Let's see if this works around it: https://git.zx2c4.com/WireGuard/patch/?id=69ffe5b7f58ce6f55dda2b9e13ff364a0d9b3dcd
Comment 18 Jason A. Donenfeld 2019-04-21 01:38:19 UTC
(That commit should be combined with the previous one: https://git.zx2c4.com/wireguard-go/patch/?h=jd/rancid-freebsd-hack )
Comment 19 Michael Muenz 2019-04-22 16:39:03 UTC
I applied both patches on OPNsense 19.1 (based on HardenedBSD 11.2) and it seems to work. Nice work!
Comment 20 Michael Muenz 2019-04-22 16:42:16 UTC
Now it crashed, after around 1000 restarts, sorry.
Comment 21 Jason A. Donenfeld 2019-04-22 16:45:59 UTC
Stack trace, please.
Comment 22 Jason A. Donenfeld 2019-04-23 09:53:40 UTC
Alright, I've now spent a bit of time tracking down these race conditions and reproducing them in a VM. It looks like there are two separate kernel race conditions:

- SIOCGIFSTATUS races with SIOCIFDESTROY, which was being triggered by the call to ifconfig(8) in the route monitor script. This should be now fixed by: https://git.zx2c4.com/WireGuard/patch/?id=90c546598c0a9d9da82c138c6c9c1396c453368e

- The asynchronous callback of IPv6 Link Local DAD conflict with both SIOCIFDESTROY and the /dev/tun cloning mechanism, resulting in a wide variety of crashes with dangling pointers on IPv6 address lists. I'm able to trigger this by just running `while true; do ifconfig tun0 create; ifconfig tun0 destroy; done` and after a while, there's one sort of crash. This should now be fixed by: https://git.zx2c4.com/wireguard-go/patch/?id=bb42ec7d185ab5f5cd3867ac1258edff86b7f307

I'd appreciate it if Michael Muenz could test these and make sure it fixes his own reproducer. After, Bernhard Froehlich can backport those two packages into the ports tree. Finally, THIS BUG SHOULD REMAIN OPEN until the FreeBSD kernel team actually gets the man power to fix these race conditions; the above only represents a few workarounds but does not address the underlying issue of this bug at all.
Comment 23 Jason A. Donenfeld 2019-04-23 10:08:49 UTC
Also, given the success of `while true; do ifconfig tun0 create; ifconfig tun0 destroy; done` at crashing the kernel, I'm pretty sure you can remove "triggered by net/wireguard" from the title of the bug report.
Comment 24 Jason A. Donenfeld 2019-04-23 11:22:40 UTC
(while true; do ifconfig tun0 create; ifconfig tun0 destroy; done)& (while true; do for i in {1..30}; do ifconfig tun0 & done; wait; done)&

Potentially more vicious reproducer.
Comment 25 genneko217 2019-04-23 11:58:52 UTC
(In reply to Jason A. Donenfeld from comment #22)
Thank you for various workarounds. Those patches work so far.

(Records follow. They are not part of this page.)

lemma energy_nondecreasing_right:
  assumes u: "u \<in> {0<..<T}" "v u \<noteq> 0 \<or> v' u \<noteq> 0"
  shows "\<exists>b>u. b < T \<and> (\<forall>s\<in>{u..b}. energy u \<le> energy s)"
proof -
  obtain d where d: "0 < d" "\<forall>s. s \<noteq> u \<and> dist s u < d \<longrightarrow> v s \<noteq> 0"
    using has_real_derivative_eventually_nonzero[OF v_has_derivative_at[OF u(1)] u(2)]
    unfolding eventually_at by auto
  define b where "b = min (u + d / 2) ((u + T) / 2)"
  have b: "u < b" "b < T" "b < u + d"
    using u d by (auto simp: b_def min_def)
  have "energy u \<le> energy s" if s: "s \<in> {u..b}" for s
  proof (rule DERIV_nonneg_imp_increasing_open[of u s energy])
    show "u \<le> s"
      using s by simp
  next
    fix x assume x: "u < x" "x < s"
    then have "v x \<noteq> 0"
      using d(2) s b by (auto simp: dist_real_def)
    then show "\<exists>y. (energy has_real_derivative y) (at x) \<and> 0 \<le> y"
      using energy_has_derivative_nonneg[of x] x s b u by fastforce
  next
    show "continuous_on {u..s} energy"
      using s b u by (intro continuous_on_subset[OF energy_continuous_on]) auto
  qed
  then show ?thesis
    using b by blast
qed

text \<open>A point where \<open>v\<close> and \<open>v'\<close> both vanish has zero energy; away from such points the energy
  can only increase, so a positive energy level, once reached, is never left.\<close>
lemma energy_mono:
  assumes st: "0 < s" "s \<le> t" "t < T" and pos: "0 < energy s"
  shows "energy s \<le> energy t"
proof (rule ccontr)
  assume "\<not> energy s \<le> energy t"
  define B where "B = {r \<in> {s..t}. energy r < energy s}"
  define r0 where "r0 = Inf B"
  have "t \<in> B"
    using \<open>\<not> energy s \<le> energy t\<close> st by (auto simp: B_def)
  have bdd: "bdd_below B"
    by (rule bdd_belowI[of _ s]) (auto simp: B_def)
  have "s \<le> r0"
    unfolding r0_def using \<open>t \<in> B\<close> by (intro cInf_greatest) (auto simp: B_def)
  have "r0 \<le> t"
    unfolding r0_def using \<open>t \<in> B\<close> bdd by (rule cInf_lower)
  have before_r0: "energy s \<le> energy r" if "s \<le> r" "r < r0" for r
  proof (rule ccontr)
    assume "\<not> energy s \<le> energy r"
    then have "r \<in> B"
      using that \<open>r0 \<le> t\<close> by (auto simp: B_def)
    then have "r0 \<le> r"
      unfolding r0_def using bdd by (rule cInf_lower)
    then show False
      using that by simp
  qed
  have at_r0: "energy s \<le> energy r0"
  proof (cases "r0 = s")
    case False
    then have "s < r0"
      using \<open>s \<le> r0\<close> by simp
    have "isCont energy r0"
      using \<open>s < r0\<close> \<open>r0 \<le> t\<close> st by (intro continuous_on_interior[OF energy_continuous_on]) auto
    then have "(energy \<longlongrightarrow> energy r0) (at_left r0)"
      by (simp add: isCont_def filterlim_at_split)
    moreover have "\<forall>\<^sub>F r in at_left r0. energy s \<le> energy r"
      using eventually_at_left_real[OF \<open>s < r0\<close>] by eventually_elim (auto intro: before_r0)
    ultimately show ?thesis
      by (rule tendsto_lowerbound) simp
  qed simp
  then have "v r0 \<noteq> 0 \<or> v' r0 \<noteq> 0"
    using pos energy_at_zero[of r0] st \<open>s \<le> r0\<close> \<open>r0 \<le> t\<close> p_gt_1 by auto
  then obtain b where b: "r0 < b" "\<forall>r\<in>{r0..b}. energy r0 \<le> energy r"
    using energy_nondecreasing_right[of r0] st \<open>s \<le> r0\<close> \<open>r0 \<le> t\<close> by auto
  have "b \<le> r0"
    unfolding r0_def
  proof (rule cInf_greatest)
    show "B \<noteq> {}"
      using \<open>t \<in> B\<close> by blast
  next
    fix r assume r: "r \<in> B"
    then have "r0 \<le> r"
      unfolding r0_def using bdd by (rule cInf_lower)
    show "b \<le> r"
    proof (rule ccontr)
      assume "\<not> b \<le> r"
      then have "energy r0 \<le> energy r"
        using b \<open>r0 \<le> r\<close> by auto
      then show False
        using r at_r0 by (auto simp: B_def)
    qed
  qed
  then show False
    using b by simp
qed

lemma integral_h_le: "t \<in> {0..T} \<Longrightarrow> integral {0..t} h \<le> integral {0..T} h"
proof -
  assume t: "t \<in> {0..T}"
  have "integral {t..T} (\<lambda>_. 0) \<le> integral {t..T} h"
    using t h_pos
    by (intro integral_le_off_left_endpoint integrable_0 integrable_subinterval_real[OF h_integrable])
       (auto simp: less_imp_le)
  then show ?thesis
    using Henstock_Kurzweil_Integration.integral_combine[OF _ _ h_integrable, of t] t by simp
qed

lemma v'_pos_while_small:
  assumes t: "t \<in> {0..T}" and small: "\<forall>s\<in>{0<..t}. 0 < v s \<and> v s \<le> \<Lambda>"
    and C: "\<forall>u. 0 < u \<and> u \<le> \<Lambda> \<longrightarrow> f u \<le> C" "0 \<le> C"
    and a_large: "C * integral {0..T} h < a powr (p - 1)"
  shows "0 < v' t"
proof -
  have "integral {0..t} (\<lambda>s. h s * f (v s)) \<le> integral {0..t} (\<lambda>s. C * h s)"
  proof (rule integral_le_off_left_endpoint)
    show "(\<lambda>s. h s * f (v s)) integrable_on {0..t}"
      using t by (auto intro: integrable_subinterval_real[OF hfv_integrable])
    show "(\<lambda>s. C * h s) integrable_on {0..t}"
      using t integrable_on_cmult_left[OF integrable_subinterval_real[OF h_integrable], of 0 t C] by auto
  next
    fix s assume "0 < s" "s \<le> t"
    then have "0 < h s" "f (v s) \<le> C"
      using t h_pos small C(1) by auto
    then show "h s * f (v s) \<le> C * h s"
      by (simp add: mult.commute)
  qed
  also have "\<dots> = C * integral {0..t} h"
    by simp
  also have "\<dots> \<le> C * integral {0..T} h"
    using integral_h_le[OF t] C(2) by (rule mult_left_mono)
  finally have "0 < phi t"
    using a_large by (simp add: phi_def)
  then show ?thesis
    using phi_eq[OF t] abs_powr_mult_pos_iff by simp
qed

lemma exceeds_before_zero:
  assumes z: "z \<in> {0<..<T}" "v z = 0"
    and C: "\<forall>u. 0 < u \<and> u \<le> \<Lambda> \<longrightarrow> f u \<le> C" "0 \<le> C"
    and a_large: "C * integral {0..T} h < a powr (p - 1)"
  shows "\<exists>t\<in>{0<..z}. \<Lambda> < v t"
proof (rule ccontr)
  assume "\<not> ?thesis"
  then have below: "\<forall>t\<in>{0<..z}. v t \<le> \<Lambda>"
    by (auto simp: not_less)
  have "0 < phi 0"
    using a_pos by (simp add: phi_def)
  then have "0 < v' 0"
    using phi_eq[of 0] T_pos abs_powr_mult_pos_iff by auto
  then obtain d where d: "0 < d" "\<forall>s>0. s \<in> {0..T} \<longrightarrow> s < d \<longrightarrow> v 0 < v s"
    using has_real_derivative_pos_inc_right[OF v_deriv[of 0]] T_pos by auto
  define \<eta> where "\<eta> = min (d / 2) (z / 2)"
  have \<eta>: "0 < \<eta>" "\<eta> < z" and pos_\<eta>: "\<forall>s\<in>{0<..\<eta>}. 0 < v s"
    using d z v_0 by (auto simp: \<eta>_def)
  define Z where "Z = {\<eta>..z} \<inter> v -` {..0}"
  define z1 where "z1 = Inf Z"
  have "closed Z"
    unfolding Z_def using \<eta> z
    by (intro continuous_closed_preimage continuous_on_subset[OF v_continuous_on]) auto
  moreover have "z \<in> Z" "bdd_below Z"
    using \<eta> z by (auto simp: Z_def)
  ultimately have "z1 \<in> Z"
    unfolding z1_def by (intro closed_contains_Inf) auto
  then have z1: "\<eta> \<le> z1" "z1 \<le> z" "v z1 \<le> 0"
    by (auto simp: Z_def)
  have pos: "0 < v s" if "0 < s" "s < z1" for s
  proof (cases "s \<le> \<eta>")
    case False
    have "s \<notin> Z"
      using cInf_lower[of s Z] \<open>bdd_below Z\<close> that unfolding z1_def by force
    then show ?thesis
      using False that z1 by (auto simp: Z_def)
  qed (use pos_\<eta> that in auto)
  have "v 0 < v z1"
  proof (rule DERIV_pos_imp_increasing_open[of 0 z1 v])
    show "0 < z1"
      using \<eta> z1 by simp
  next
    fix x assume x: "0 < x" "x < z1"
    have "0 < v' x"
      using x z z1 below pos by (intro v'_pos_while_small[OF _ _ C a_large]) auto
    then show "\<exists>y. (v has_real_derivative y) (at x) \<and> 0 < y"
      using v_has_derivative_at[of x] x z z1 by auto
  next
    show "continuous_on {0..z1} v"
      using z z1 by (intro continuous_on_subset[OF v_continuous_on]) auto
  qed
  then show False
    using v_0 z1 by simp
qed
definition adjoint_mat :: "complex^'n^'m \<Rightarrow> complex^'m^'n" where
  "adjoint_mat A = (\<chi> i j. cnj (A$j$i))"

definition rank_one_orth_proj :: "complex^'n^'n \<Rightarrow> bool" where
  "rank_one_orth_proj P \<longleftrightarrow> adjoint_mat P = P \<and> P ** P = P \<and> rank P = 1"

text \<open>A d x d matrix-valued Borel measure on the space 'a: a countably additive
  map from the Borel sets to matrices (taken to be 0 on non-Borel sets, so that
  such measures are determined by their values on Borel sets).\<close>
definition matrix_measure :: "('a::topological_space set \<Rightarrow> complex^'n^'n) \<Rightarrow> bool" where
  "matrix_measure \<mu> \<longleftrightarrow>
     (\<forall>A. A \<notin> sets borel \<longrightarrow> \<mu> A = 0) \<and>
     (\<forall>A::nat \<Rightarrow> 'a set. range A \<subseteq> sets borel \<longrightarrow> disjoint_family A \<longrightarrow>
        (\<lambda>n. \<mu> (A n)) sums \<mu> (\<Union>n. A n))"

definition qmeasure :: "('a::topological_space set \<Rightarrow> complex^'n^'n) \<Rightarrow> complex^'n \<Rightarrow> 'a measure" where
  "qmeasure \<mu> v = measure_of UNIV (sets borel) (\<lambda>A. ennreal (Re (qform v (\<mu> A))))"

text \<open>Integral of a real function against a positive matrix measure, computed
  entrywise; the (i,j) entry (a complex measure) is recovered from the positive
  scalar measures v* mu v by polarization:
  mu_ij = 1/4 sum_{k=0..3} conj(i^k) (e_i + i^k e_j)* mu (e_i + i^k e_j).\<close>
definition mat_integral :: "('a::topological_space set \<Rightarrow> complex^'n^'n) \<Rightarrow> ('a \<Rightarrow> real) \<Rightarrow> complex^'n^'n" where
  "mat_integral \<mu> f = (\<chi> i j. (1/4) * (\<Sum>k<(4::nat).
      cnj (\<i>^k) * complex_of_real (integral\<^sup>L (qmeasure \<mu> (axis i 1 + axis j (\<i>^k))) f)))"
(* Let $\Omega\subset\mathbb{R}^N$ be a smooth ($C^2$), strictly convex and bounded domain and let $g\colon\mathbb{R}^N\setminus\Omega\to\mathbb{R}$ be continuous and bounded. Let $\{u_s\}_{s\in(0,1)}$ be a uniformly bounded family such that each $u_s$ is a viscosity subsolution of the nonlocal Dirichlet problem $$\inf_{z\in\mathbb{S}^{N-1}} c(s)\int_{\mathbb{R}}\frac{u(x+tz)-u(x)}{|t|^{1+2s}}\,dt=0 \ \text{ in }\Omega,\qquad u=g\ \text{ in }\mathbb{R}^N\setminus\Omega.$$ Then the upper half-relaxed limit $u^*=\limsup^*_{s\nearrow1}u_s$ is a viscosity subsolution of the local problem $$\inf_{z\in\mathbb{S}^{N-1}}\langle D^2u(x)z,z\rangle=0\ \text{ in }\Omega,\qquad u=g\ \text{ on }\partial\Omega.$$
   Context: Strictly convex: the open segment between any two points of $\overline\Omega$ lies in $\Omega$. $c(s)=\frac{2^{2s}s\,\Gamma(s+1/2)}{\pi^{1/2}\Gamma(1-s)}$, $\mathbb{S}^{N-1}$ the unit sphere. Nonlocal viscosity subsolution: for $u\colon\overline\Omega\to\mathbb{R}$ let $u^g=u$ in $\Omega$, $u^g=g$ in $\mathbb{R}^N\setminus\overline\Omega$, $u^g=\max\{u,g\}$ on $\partial\Omega$; for $\delta>0$, $\phi\in C^2(\mathbb{R}^N)$, $z\in\mathbb{S}^{N-1}$ let $E_{z,\delta}(u,\phi,x)=c(s)\int_{-\delta}^{\delta}\frac{\phi(x+tz)-\phi(x)}{|t|^{1+2s}}dt+c(s)\int_{\mathbb{R}\setminus(-\delta,\delta)}\frac{u^g(x+tz)-u(x)}{|t|^{1+2s}}dt$ and $E_\delta(u,\phi,x)=-\inf_{z\in\mathbb{S}^{N-1}}E_{z,\delta}(u,\phi,x)$. A bounded upper semicontinuous $u\colon\mathbb{R}^N\to\mathbb{R}$ is a viscosity subsolution of the nonlocal problem if $u\le g$ in $\mathbb{R}^N\setminus\overline\Omega$ and for each $\delta>0$ and $\phi\in C^2(\mathbb{R}^N)$ such that $x_0$ is a maximum point of $u-\phi$ in $B_\delta(x_0)$: $E_\delta(u^g,\phi,x_0)\le0$ if $x_0\in\Omega$, and $\min\{E_\delta(u^g,\phi,x_0),u(x_0)-g(x_0)\}\le0$ if $x_0\in\partial\Omega$. Local viscosity subsolution: $u\colon\overline\Omega\to\mathbb{R}$ with $u\le g$ on $\partial\Omega$ such that for every $\psi\in C^2$ for which $u-\psi$ has a strict local maximum at some $x\in\Omega$, $\inf_{z\in\mathbb{S}^{N-1}}\langle D^2\psi(x)z,z\rangle\ge0$. Upper half-relaxed limit: $u^*(x)=\sup\{\limsup_{k\to\infty}u_{s_k}(x_k): x_k\to x,\ s_k\nearrow1\}$ (equivalently $\lim_{r\to0}\sup\{u_s(y):|y-x|<r,\ 1-r<s<1\}$). *)

theory Defs
  imports "HOL-Analysis.Analysis"
begin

I noticed wg-quick down occasionally hangs at piperd, but now it seems to be patched in the upsteam master. Really quick! I'm testing it now.
Comment 26 Jason A. Donenfeld 2019-04-23 12:06:27 UTC
Indeed those patches I posted here are (already) out of date. But upstream master now has patches that appear to workaround the kernel bugs of this report. I think we're done here on the WireGuard front and it should be time to ship the fixes in the official package. However, do pipe up if you're able to crash things again in relation to WireGuard with yet-even-more FreeBSD kernel race conditions, and I'll take out the hatchet and try to hack around it.
Comment 27 commit-hook freebsd_committer 2019-04-23 12:34:09 UTC
A commit references this bug:

Author: decke
Date: Tue Apr 23 12:33:45 UTC 2019
New revision: 499754
URL: https://svnweb.freebsd.org/changeset/ports/499754

Log:
  net/wireguard:
  work around numerous kernel panics on shutdown in tun(4)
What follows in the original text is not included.